(Saved entries)

lemma separating_coordinate_combination_pivot:
  assumes I: "finite I" "j \<notin> I"
    and IH: "\<And>K \<phi>. function_subspace K \<Longrightarrow> (\<And>f. f \<in> K \<Longrightarrow> \<exists>i\<in>I. f i \<noteq> \<phi> i) \<Longrightarrow>
               \<exists>a. (\<forall>f\<in>K. (\<Sum>i\<in>I. a i * f i) = 0) \<and> (\<Sum>i\<in>I. a i * \<phi> i) \<noteq> 0"
    and K: "function_subspace K" and p: "p \<in> K" "p j = 1"
    and sep: "\<And>f. f \<in> K \<Longrightarrow> \<exists>i\<in>insert j I. f i \<noteq> \<phi> i"
  shows "\<exists>a. (\<forall>f\<in>K. (\<Sum>i\<in>insert j I. a i * f i) = 0) \<and> (\<Sum>i\<in>insert j I. a i * \<phi> i) \<noteq> 0"
proof -
  define P where "P f = (\<lambda>i. f i - f j * p i)" for f :: "'a \<Rightarrow> real"
  have K': "function_subspace (P ` K)"
    unfolding P_def by (rule function_subspace_eliminate[OF K p(1)])
  have sep': "\<exists>i\<in>I. f i \<noteq> P \<phi> i" if f: "f \<in> P ` K" for f
  proof (rule ccontr)
    obtain f0 where f0: "f0 \<in> K" "f = P f0" using f by blast
    assume "\<not> (\<exists>i\<in>I. f i \<noteq> P \<phi> i)"
    then have eq: "f0 i - f0 j * p i = \<phi> i - \<phi> j * p i" if "i \<in> I" for i
      using that f0(2) unfolding P_def by auto
    have "(\<lambda>i. f0 i + (\<phi> j - f0 j) * p i) \<in> K"
      using function_subspaceD(2)[OF K f0(1) function_subspaceD(3)[OF K p(1)]] .
    moreover have "f0 i + (\<phi> j - f0 j) * p i = \<phi> i" if "i \<in> insert j I" for i
      using that eq[of i] p(2) by (auto simp: algebra_simps)
    ultimately show False using sep by fastforce
  qed
  obtain a where a: "\<forall>f\<in>P ` K. (\<Sum>i\<in>I. a i * f i) = 0" "(\<Sum>i\<in>I. a i * P \<phi> i) \<noteq> 0"
    using IH[OF K' sep'] by blast
  define b where "b = - (\<Sum>i\<in>I. a i * p i)"
  have reduce: "(\<Sum>i\<in>insert j I. (a(j := b)) i * f i) = (\<Sum>i\<in>I. a i * P f i)" for f
  proof -
    have "(\<Sum>i\<in>I. a i * P f i) = (\<Sum>i\<in>I. a i * f i) - f j * (\<Sum>i\<in>I. a i * p i)"
      unfolding P_def by (simp add: algebra_simps sum_subtractf sum_distrib_left)
    then show ?thesis unfolding sum_fun_upd_insert[OF I] b_def by simp
  qed
  show ?thesis
  proof (intro exI[of _ "a(j := b)"] conjI ballI)
    show "(\<Sum>i\<in>insert j I. (a(j := b)) i * f i) = 0" if "f \<in> K" for f
      unfolding reduce using a(1) that by blast
    show "(\<Sum>i\<in>insert j I. (a(j := b)) i * \<phi> i) \<noteq> 0" unfolding reduce by (rule a(2))
  qed
qed
lemma jensen_on_set:
  fixes \<phi> :: "real \<Rightarrow> real"
  assumes "prob_space M" "convex_on {0..} \<phi>" "\<And>\<omega>. 0 \<le> Z \<omega>"
    and "B \<in> sets M" "0 < measure M B"
    and "integrable M (\<lambda>\<omega>. Z \<omega> * indicator B \<omega>)" "integrable M (\<lambda>\<omega>. \<phi> (Z \<omega>))"
  shows "measure M B * \<phi> ((\<integral>\<omega>. Z \<omega> * indicator B \<omega> \<partial>M) / measure M B)
          \<le> (\<integral>\<omega>. \<phi> (Z \<omega>) * indicator B \<omega> \<partial>M)"
proof -
  interpret prob_space M by fact
  define a where "a = (\<integral>\<omega>. Z \<omega> * indicator B \<omega> \<partial>M)"
  define q where "q = measure M B"
  have int_B: "integrable M (\<lambda>\<omega>. c * indicator B \<omega>)" "(\<integral>\<omega>. c * indicator B \<omega> \<partial>M) = c * q" for c :: real
    using assms(4) emeasure_finite[of B]
    by (simp_all add: q_def Int_absorb2 sets.sets_into_space integrable_real_indicator less_top[symmetric])
  have int_\<phi>: "integrable M (\<lambda>\<omega>. \<phi> (Z \<omega>) * indicator B \<omega>)"
    using assms(4,7) by (rule integrable_real_mult_indicator)
  have "0 \<le> a" unfolding a_def using assms(3) by (intro integral_nonneg_AE) (auto simp: indicator_def)
  \<comment> \<open>a supporting line of \<open>\<phi>\<close> exists at every positive point, but maybe not at \<open>0\<close>\<close>
  then consider "a = 0" | "0 < a / q" using assms(5) by (fastforce simp: q_def)
  then show ?thesis
  proof cases
    case 1
    then have "AE \<omega> in M. Z \<omega> * indicator B \<omega> = 0"
      using integral_nonneg_eq_0_iff_AE[OF assms(6)] assms(3) by (simp add: a_def)
    then have "AE \<omega> in M. \<phi> (Z \<omega>) * indicator B \<omega> = \<phi> 0 * indicator B \<omega>"
      by eventually_elim (auto simp: indicator_def)
    then have "(\<integral>\<omega>. \<phi> (Z \<omega>) * indicator B \<omega> \<partial>M) = (\<integral>\<omega>. \<phi> 0 * indicator B \<omega> \<partial>M)"
      using int_\<phi> int_B(1) by (intro integral_cong_AE borel_measurable_integrable)
    then have "(\<integral>\<omega>. \<phi> (Z \<omega>) * indicator B \<omega> \<partial>M) = \<phi> 0 * q"
      using int_B(2) by simp
    with 1 show ?thesis by (simp add: a_def q_def mult.commute)
  next
    case 2
    define m where "m = a / q"
    obtain s where s: "\<And>z. z \<ge> 0 \<Longrightarrow> \<phi> z \<ge> \<phi> m + s * (z - m)"
      using convex_on_nonneg_supporting_line[OF assms(2) 2[folded m_def]] by blast
    have "(\<phi> m - s * m) * indicator B \<omega> + s * (Z \<omega> * indicator B \<omega>) \<le> \<phi> (Z \<omega>) * indicator B \<omega>" for \<omega>
      using s[OF assms(3)[of \<omega>]] by (simp add: indicator_def algebra_simps)
    then have "(\<integral>\<omega>. (\<phi> m - s * m) * indicator B \<omega> + s * (Z \<omega> * indicator B \<omega>) \<partial>M)
        \<le> (\<integral>\<omega>. \<phi> (Z \<omega>) * indicator B \<omega> \<partial>M)"
      by (intro integral_mono Bochner_Integration.integrable_add integrable_mult_right int_B(1) assms(6) int_\<phi>)
    moreover have "(\<integral>\<omega>. (\<phi> m - s * m) * indicator B \<omega> + s * (Z \<omega> * indicator B \<omega>) \<partial>M)
        = (\<phi> m - s * m) * q + s * a"
      using int_B(2)[of "\<phi> m - s * m"]
      by (simp add: a_def Bochner_Integration.integral_add[OF int_B(1) integrable_mult_right[OF assms(6)]])
    moreover have "(\<phi> m - s * m) * q + s * a = q * \<phi> m"
      using assms(5) by (simp add: m_def q_def algebra_simps)
    ultimately show ?thesis by (simp add: m_def a_def q_def)
  qed
qed

(* The phi-divergence of Bernoulli(t) from Bernoulli(x); g_phi \<phi> \<delta> x is the largest t \<ge> x
   at which it is at most \<delta>. *)
definition bernoulli_div :: "(real \<Rightarrow> real) \<Rightarrow> real \<Rightarrow> real \<Rightarrow> real" where
  "bernoulli_div \<phi> x t = x * \<phi> (t / x) + (1 - x) * \<phi> ((1 - t) / (1 - x))"

lemma phi_ball_bernoulli_div_le:
  fixes \<phi> :: "real \<Rightarrow> real"
  assumes "prob_space M" "convex_on {0..} \<phi>" "Q \<in> phi_ball M \<phi> \<delta>"
    and "A \<in> sets M" "0 < measure M A" "measure M A < 1"
  shows "bernoulli_div \<phi> (measure M A) (measure Q A) \<le> \<delta>"
proof -
  interpret prob_space M by fact
  define Z where "Z \<omega> = enn2real (RN_deriv M Q \<omega>)" for \<omega>
  have Q: "Q \<in> abs_cont_probs M" "integrable M (\<lambda>\<omega>. \<phi> (Z \<omega>))" "(\<integral>\<omega>. \<phi> (Z \<omega>) \<partial>M) \<le> \<delta>"
    using assms(3) by (auto simp: phi_ball_def Z_def)
  interpret Q: prob_space Q using Q(1) by (simp add: abs_cont_probs_def)
  have sets_Q: "sets Q = sets M" using Q(1) by (simp add: abs_cont_probs_def)
  define C where "C = space M - A"
  have C: "C \<in> sets M" "measure M C = 1 - measure M A" "measure Q C = 1 - measure Q A"
    using assms(4) Q.prob_compl[of A] sets_Q sets_eq_imp_space_eq[OF sets_Q]
    by (simp_all add: C_def prob_compl)
  note RN = measure_eq_integral_RN_deriv[OF assms(1) Q(1), folded Z_def]
  have "measure M A * \<phi> (measure Q A / measure M A) \<le> (\<integral>\<omega>. \<phi> (Z \<omega>) * indicator A \<omega> \<partial>M)"
    using jensen_on_set[OF assms(1,2) _ assms(4,5) RN(1)[OF assms(4)] Q(2)] RN(2)[OF assms(4)]
    by (simp add: Z_def)
  moreover have "measure M C * \<phi> (measure Q C / measure M C) \<le> (\<integral>\<omega>. \<phi> (Z \<omega>) * indicator C \<omega> \<partial>M)"
    using jensen_on_set[OF assms(1,2) _ C(1) _ RN(1)[OF C(1)] Q(2)] RN(2)[OF C(1)] C(2) assms(6)
    by (simp add: Z_def)
  moreover have "(\<integral>\<omega>. \<phi> (Z \<omega>) \<partial>M) = (\<integral>\<omega>. \<phi> (Z \<omega>) * indicator A \<omega> + \<phi> (Z \<omega>) * indicator C \<omega> \<partial>M)"
    by (rule Bochner_Integration.integral_cong) (auto simp: C_def indicator_def)
  moreover have "\<dots> = (\<integral>\<omega>. \<phi> (Z \<omega>) * indicator A \<omega> \<partial>M) + (\<integral>\<omega>. \<phi> (Z \<omega>) * indicator C \<omega> \<partial>M)"
    using Q(2) assms(4) C(1) by (intro Bochner_Integration.integral_add integrable_real_mult_indicator)
  ultimately show ?thesis
    using Q(3) C(2,3) by (simp add: bernoulli_div_def)
qed

lemma two_point_density_in_phi_ball:
  fixes \<phi> :: "real \<Rightarrow> real"
  assumes "prob_space M" "convex_on {0..} \<phi>" "A \<in> sets M" "0 < measure M A" "measure M A < 1"
    and "0 \<le> t" "t \<le> 1" "bernoulli_div \<phi> (measure M A) t \<le> \<delta>"
  shows "two_point_density M A t \<in> phi_ball M \<phi> \<delta>"
proof -
  interpret prob_space M by fact
  define p where "p = measure M A"
  define Q where "Q = two_point_density M A t"
  define Z where "Z \<omega> = enn2real (RN_deriv M Q \<omega>)" for \<omega>
  note Q = two_point_density[OF assms(1,3-7), folded Q_def]
  define h where "h \<omega> = \<phi> (t / p) * indicator A \<omega> + \<phi> ((1 - t) / (1 - p)) * indicator (space M - A) \<omega>" for \<omega>
  have "AE \<omega> in M. h \<omega> = \<phi> (Z \<omega>)"
    using Q(3) AE_space
  proof eventually_elim
    case (elim \<omega>)
    then show ?case
      using assms(4-7) by (auto simp: h_def Z_def two_point_ratio_def p_def indicator_def)
  qed
  moreover have int_h: "integrable M h" "(\<integral>\<omega>. h \<omega> \<partial>M) = bernoulli_div \<phi> p t"
  proof -
    have ind: "integrable M (indicat_real A)" "integrable M (indicat_real (space M - A))"
      using assms(3) emeasure_finite[of A] emeasure_finite[of "space M - A"]
      by (auto intro!: integrable_real_indicator simp: less_top[symmetric])
    show "integrable M h"
      unfolding h_def by (intro Bochner_Integration.integrable_add integrable_mult_right ind)
    have "(\<integral>\<omega>. h \<omega> \<partial>M) = \<phi> (t / p) * measure M A + \<phi> ((1 - t) / (1 - p)) * measure M (space M - A)"
      unfolding h_def using ind assms(3) by (simp add: Int_absorb2 sets.sets_into_space)
    then show "(\<integral>\<omega>. h \<omega> \<partial>M) = bernoulli_div \<phi> p t"
      using assms(3) by (simp add: bernoulli_div_def p_def prob_compl mult.commute)
  qed
  moreover have "(\<lambda>\<omega>. \<phi> (Z \<omega>)) \<in> borel_measurable M"
    unfolding Z_def by (rule convex_on_nonneg_comp_measurable[OF assms(2)]) auto
  ultimately have "integrable M (\<lambda>\<omega>. \<phi> (Z \<omega>))" "(\<integral>\<omega>. \<phi> (Z \<omega>) \<partial>M) = bernoulli_div \<phi> p t"
    by (auto intro: integrable_cong_AE_imp integral_cong_AE[symmetric, THEN trans] borel_measurable_integrable)
  then show ?thesis
    using Q(1) assms(8) by (simp add: phi_ball_def Z_def Q_def p_def)
qed

lemma self_in_phi_ball:
  fixes \<phi> :: "real \<Rightarrow> real"
  assumes "prob_space M" "convex_on {0..} \<phi>" "\<phi> 1 = 0" "0 \<le> \<delta>"
  shows "M \<in> phi_ball M \<phi> \<delta>"
proof -
  have AE: "AE \<omega> in M. 0 = \<phi> (enn2real (RN_deriv M M \<omega>))"
    using RN_deriv_self[OF assms(1)] by eventually_elim (simp add: assms(3))
  moreover have "(\<lambda>\<omega>. \<phi> (enn2real (RN_deriv M M \<omega>))) \<in> borel_measurable M"
    by (rule convex_on_nonneg_comp_measurable[OF assms(2)]) auto
  ultimately have "integrable M (\<lambda>\<omega>. \<phi> (enn2real (RN_deriv M M \<omega>)))"
    "(\<integral>\<omega>. \<phi> (enn2real (RN_deriv M M \<omega>)) \<partial>M) = 0"
    by (auto intro: integrable_cong_AE_imp integral_eq_zero_AE AE_mp[OF AE])
  then show ?thesis
    using assms(4) self_in_abs_cont_probs[OF assms(1)] by (simp add: phi_ball_def)
qed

AIM OF THE TASK
The response should be an exact copy of the lines from the one with "M (\<lambda>\<omega>. \<phi> (enn2real" through the end of the data, with no other text.

RESULT
  ultimately have "integrable M (\<lambda>\<omega>. \<phi> (enn2real (RN_deriv M M \<omega>)))"
    "(\<integral>\<omega>. \<phi> (enn2real (RN_deriv M M \<omega>)) \<partial>M) = 0"
    by (auto intro: integrable_cong_AE_imp integral_eq_zero_AE AE_mp[OF AE])
  then show ?thesis
    using assms(4) self_in_abs_cont_probs[OF assms(1)] by (simp add: phi_ball_def)
qed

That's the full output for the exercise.